Any way, in my presentation I indicated that in hindsight I could instead use the Lucene index itself, particularly with the Memory postings format, to get better compression results and to reduce the code I maintain. Last night I implemented this major change to the SolrTextTagger in the "MemPF" branch, tracked by github issue #8. I'm anxiously awaiting to see how it impacts memory and performance.

Sujit Pal said...

Thanks, I will check it out. I have at least 2 applications that would benefit from the use of SolrTextTagger (this and another one).

Saurabh Garg said...

Sir, can you give a link to the code of NER system which is good at extracting symptoms? Needed so that I can continue my project.

For example:

She denies any COUGH or sputum production

Output - cough, sputum production

Thanks in advance. :)

Sujit Pal said...

Hi Saurabh, that NER system is our proprietary one, it doesn't have a public API. There is a similar service called Metamap from NIH, for which a Java API exists. Maybe take a look at that? Also check out Alchemy and OpenCalais, I believe both can recognize medical entities (although probably not as well as Metamap or our proprietary one.

Manuel LeNormand said...

Do you have any insights about the different available regex extractors: 1. LingPipe's RegExChunker
2. Stanford TokensRegex
3. UIMA RegexAnnotator
4. GATE JAPE

IS there any real difference? optimization, scalability?

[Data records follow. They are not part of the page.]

(* Let $\sigma>0$ and let $f=\sum_{n\in\mathbb N_0^d}a_{2n}(f)h_{2n}\in\mathcal H_{\flat_\sigma,even}(\mathbb R^d)$. Then $f|_{\mathbb R^d_+}\circ w\in\mathcal G_{\flat_\sigma}(\mathbb R^d_+)$, and $f|_{\mathbb R^d_+}\circ w=\sum_{n\in\mathbb N_0^d}b_nl_n$ with $\{b_n\}_{n\in\mathbb N_0^d}\in\ell_{\flat_\sigma}(\mathbb N_0^d)$ given by $$b_n=\frac{(-1)^{|n|}2^{|n|}}{\pi^{d/4}}\sum_{k\in\mathbb N_0^d}\binom{k-\mathbf{3/2}}{k}\frac{(-1)^{|k|}2^{|k|}(k+n)!\,a_{2(k+n)}(f)}{\sqrt{(2(k+n))!}},\quad n\in\mathbb N_0^d.$$
   Context: $\mathbb R^d_+=(0,\infty)^d$; $w(x)=(\sqrt{x_1},\dots,\sqrt{x_d})$ for $x\in[0,\infty)^d$. Multi-indices: $|n|=\sum n_j$, $n!=\prod n_j!$, $2n=(2n_1,\dots,2n_d)$, $\mathbf{3/2}=(3/2,\dots,3/2)$, $\binom{\gamma}{m}=\prod_j\frac{\gamma_j(\gamma_j-1)\cdots(\gamma_j-m_j+1)}{m_j!}$. Laguerre functions $l_n(x)=\prod_jL_{n_j}(x_j)e^{-x_j/2}$ with $L_m(t)=\frac{e^t}{m!}\frac{d^m}{dt^m}(e^{-t}t^m)$; Hermite functions $h_n(x)=\prod_j(2^{n_j}n_j!\sqrt\pi)^{-1/2}e^{-x_j^2/2}H_{n_j}(x_j)$, $H_m(t)=(-1)^me^{t^2}\frac{d^m}{dt^m}e^{-t^2}$; Hermite coefficients $a_n(f)=\int_{\mathbb R^d}fh_n$. For $\tau>0$, $\ell_{\flat_\tau}(\mathbb N_0^d)$ is the set of complex sequences $\{a_n\}$ with $\sup_n|a_n|h^{|n|}n!^{1/(2\tau)}<\infty$ for some $h>0$. $\mathcal H_{\flat_\sigma}(\mathbb R^d)$ is the space of $\sum_na_nh_n$ with $\{a_n\}\in\ell_{\flat_\sigma}(\mathbb N_0^d)$, and $\mathcal H_{\flat_\sigma,even}(\mathbb R^d)$ its subspace of functions invariant under changing the sign of any single coordinate. $\mathcal G_{\flat_\sigma}(\mathbb R^d_+)$ is the space of functions $\sum_na_nl_n$ (absolutely convergent series) with $\{a_n\}\in\ell_{\flat_{\sigma/2}}(\mathbb N_0^d)$. *)

theory Defs
  imports "HOL-Analysis.Analysis"
begin

text \<open>Dimension d is encoded by a finite index type 'd (d = CARD('d)); points of R^d are
  real^'d, multi-indices in N_0^d are functions 'd => nat.\<close>

definition mabs :: "('d::finite \<Rightarrow> nat) \<Rightarrow> nat" where
  "mabs n = (\<Sum>j\<in>UNIV. n j)"

definition mfact :: "('d::finite \<Rightarrow> nat) \<Rightarrow> real" where
  "mfact n = (\<Prod>j\<in>UNIV. fact (n j))"

definition mbinom :: "('d::finite \<Rightarrow> real) \<Rightarrow> ('d \<Rightarrow> nat) \<Rightarrow> real" where
  "mbinom g m = (\<Prod>j\<in>UNIV. g j gchoose m j)"

definition laguerre_poly :: "nat \<Rightarrow> real \<Rightarrow> real" where
  "laguerre_poly m t = exp t / fact m * (deriv ^^ m) (\<lambda>s. exp (- s) * s ^ m) t"

definition hermite_poly :: "nat \<Rightarrow> real \<Rightarrow> real" where
  "hermite_poly m t = (-1) ^ m * exp (t\<^sup>2) * (deriv ^^ m) (\<lambda>s. exp (- (s\<^sup>2))) t"

definition laguerre_fun :: "('d::finite \<Rightarrow> nat) \<Rightarrow> real ^ 'd \<Rightarrow> real" where
  "laguerre_fun n x = (\<Prod>j\<in>UNIV. laguerre_poly (n j) (x $ j) * exp (- (x $ j) / 2))"

definition hermite_fun :: "('d::finite \<Rightarrow> nat) \<Rightarrow> real ^ 'd \<Rightarrow> real" where
  "hermite_fun n x = (\<Prod>j\<in>UNIV. inverse (sqrt (2 ^ n j * fact (n j) * sqrt pi))
        * exp (- ((x $ j)\<^sup>2) / 2) * hermite_poly (n j) (x $ j))"

definition hermite_coeff :: "(real ^ 'd \<Rightarrow> complex) \<Rightarrow> ('d::finite \<Rightarrow> nat) \<Rightarrow> complex" where
  "hermite_coeff f n = integral\<^sup>L lborel (\<lambda>x. f x * complex_of_real (hermite_fun n x))"

definition pos_orthant :: "(real ^ 'd) set" where
  "pos_orthant = {x. \<forall>j. 0 < x $ j}"

definition wmap :: "real ^ 'd \<Rightarrow> real ^ 'd" where
  "wmap x = (\<chi> j. sqrt (x $ j))"

definition ell_flat :: "real \<Rightarrow> (('d::finite \<Rightarrow> nat) \<Rightarrow> complex) set" where
  "ell_flat \<tau> = {a. \<exists>h>0. \<exists>C. \<forall>n. norm (a n) * h ^ mabs n * mfact n powr (1 / (2 * \<tau>)) \<le> C}"

definition H_flat :: "real \<Rightarrow> (real ^ 'd::finite \<Rightarrow> complex) set" where
  "H_flat \<sigma> = {f. \<exists>a\<in>ell_flat \<sigma>. \<forall>x.
      (\<lambda>n. norm (a n * complex_of_real (hermite_fun n x))) summable_on UNIV \<and>
      ((\<lambda>n. a n * complex_of_real (hermite_fun n x)) has_sum f x) UNIV}"

definition H_flat_even :: "real \<Rightarrow> (real ^ 'd::finite \<Rightarrow> complex) set" where
  "H_flat_even \<sigma> = {f \<in> H_flat \<sigma>. \<forall>j x. f (\<chi> i. if i = j then - (x $ i) else x $ i) = f x}"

As my system is written in .Net, what are the drawbacks of writing the regex rule base on my own? Is there something to be aware of, ie performance or error handling, that the above frameworks take care of?

Sujit Pal said...

Hi Manuel, I am familiar with #1 and #3 only. No real insights except that both (as far as I remember) take a list of regexes and apply them to the string in sequence. short circuiting on the first match (so order matters). At least for regex based chunking I don't see much need to use them in preference to something you could write yourself, except for convenience. But you should probably ask this question on the mailing lists of these projects, you will probably get a more authoritative answer.